GapLeavePOut
This page describes leave-p-out and how to use gaps with it for time series.
The cross-validation known as Leave-P-Out refers to leave \(p\) sample points out from the training set and use them as the test set. The \(p\) points do not have to be contiguous; for a sample with \(n\) points, there can be \(C_n^p\) different test sets.
For time series cross-validation, it is more sensible to require the test set to be contiguous so that the gaps can be minimized. The shorter the gaps are, the more data we can use to train and test our algorithms. For a sample with \(n\) points, there can be \(n-p+1\) different test sets, regardless of the gap sizes.
The following code snippet produces the cross-validation setup of the above image. Notice how the gap size before the test set can be different from the gap coming after:
>>> from tscv import GapLeavePOut
>>> cv = GapLeavePOut(p=3, gap_before=1, gap_after=2)

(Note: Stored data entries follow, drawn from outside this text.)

(* Let $\{x_i,v_i\}_{i\in[N]}$ be the global solution of the delayed Cucker–Smale system described in the context, and let $K$ be the smallest integer such that $K\sigma\ge2\tau$. Then for all $i,j\in[N]$, \[ |x_j(\tau)-x_i(2\tau-\sigma)|\le\Delta^0_x+\mathcal{W}^K_\sigma\Delta^0_v, \] where $\mathcal{W}^K_\sigma:=Z^K_\sigma-(1+\sigma)(Z^{K-1}_\sigma+1)$.
   Context: Let $N\ge2$, $d\ge1$ be integers, $[N]=\{1,\dots,N\}$, $0\le\sigma\le\tau$. Let $\psi:[0,\infty)\to[0,\infty)$ be continuous, nonincreasing, positive everywhere, with $\sup\psi\le1$. Given $x_i^0\in C^1([-\tau,0],\mathbb{R}^d)$, $v_i^0\in C([-\tau,0],\mathbb{R}^d)$ with $\frac{\mathrm d}{\mathrm dt}x_i^0=v_i^0$, $\{x_i,v_i\}$ is the global solution of $\dot x_i(t)=v_i(t)$, $\dot v_i(t)=\sum_{j\ne i}a_{ij}(t)(v_j(t-\tau)-v_i(t-\sigma))$ for $t>0$, with $a_{ij}(t)=\frac1{N-1}\psi(|x_i(t-\sigma)-x_j(t-\tau)|)$, and $x_i=x_i^0$, $v_i=v_i^0$ on $[-\tau,0]$. $\Delta^0_x:=\max_{i,j}\max_{s,t\in[-\tau,0]}|x_i^0(s)-x_j^0(t)|$, $\Delta^0_v:=\max_{i,j}\max_{s,t\in[-\tau,0]}|v_i^0(s)-v_j^0(t)|$. For $k\ge0$, \[ Z^k_\sigma:=\frac{1}{2\sqrt{\sigma(1+\sigma)}}\Big[\big((1+\sigma)+\sqrt{\sigma(1+\sigma)}\big)^{k+1}-\big((1+\sigma)-\sqrt{\sigma(1+\sigma)}\big)^{k+1}\Big], \] a polynomial in $\sigma$; equivalently $Z^0_\sigma=1$, $Z^k_\sigma=1+(1+\sigma)Z^{k-1}_\sigma+\sigma\sum_{m=0}^{k-1}Z^m_\sigma$ for $k\ge1$. *)

theory Defs
  imports "HOL-Analysis.Analysis"
begin

text \<open>The closed-form polynomial Z^k_sigma (used here only for sigma > 0).\<close>
definition Zs :: "real \<Rightarrow> nat \<Rightarrow> real" where
  "Zs \<sigma> k = (1 / (2 * sqrt (\<sigma> * (1 + \<sigma>)))) *
     (((1 + \<sigma>) + sqrt (\<sigma> * (1 + \<sigma>))) ^ (k + 1)
      - ((1 + \<sigma>) - sqrt (\<sigma> * (1 + \<sigma>))) ^ (k + 1))"

definition Ws :: "real \<Rightarrow> nat \<Rightarrow> real" where
  "Ws \<sigma> K = Zs \<sigma> K - (1 + \<sigma>) * (Zs \<sigma> (K - 1) + 1)"

definition diam0 :: "nat \<Rightarrow> real \<Rightarrow> (nat \<Rightarrow> real \<Rightarrow> 'a::real_normed_vector) \<Rightarrow> real" where
  "diam0 N \<tau> f = (SUP p \<in> ({1..N} \<times> {1..N}) \<times> ({-\<tau>..0} \<times> {-\<tau>..0}).
       norm (f (fst (fst p)) (fst (snd p)) - f (snd (fst p)) (snd (snd p))))"

end

theory Submission
  imports Defs
begin

(*
  Over each delay step of length \<sigma> the alignment force is an average, with weights at most 1,
  of velocity differences at earlier times, so the velocity spread over [-\<tau>, k \<sigma>] is at most
  (1 + 2 \<sigma>)^k \<Delta>v. The gap g(u) = x_j(u + \<sigma> - \<tau>) - x_i(u) is at most \<Delta>x at u = 0, and on
  the step (l \<sigma>, (l + 1) \<sigma>] it grows at rate at most (1 + 2 \<sigma>)^(l + 1) \<Delta>v. Summing over the
  K - 1 steps up to u = 2 \<tau> - \<sigma> and using (1 + 2 \<sigma>)^l \<le> Z^l bounds the growth by
  \<sigma> (Z^1 + ... + Z^(K - 1)) \<Delta>v, which equals W^K \<Delta>v by the recurrence for Z.
*)

lemma Zs_0: "0 < s \<Longrightarrow> Zs s 0 = 1"
  unfolding Zs_def by simp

>>> for train, test in cv.split(range(7)):
... print("train:", train, "test:", test)
...
train: [5 6] test: [0 1 2]
train: [6] test: [1 2 3]
train: [0] test: [2 3 4]
train: [0 1] test: [3 4 5]
train: [0 1 2] test: [4 5 6]
In the code sample, GapLeavePOut
is a class provided by this package.
It has a split
method, which takes in the whole data set and produce
the training and test sets indices.
Tip
By calling the split
method directly, you can verify whether your
configuration is what you desire. In practice, you will not use these
indices directly though. Rather, you will send an instance of
GapLeavePOut
as argument to a scikit-learn cross-validator.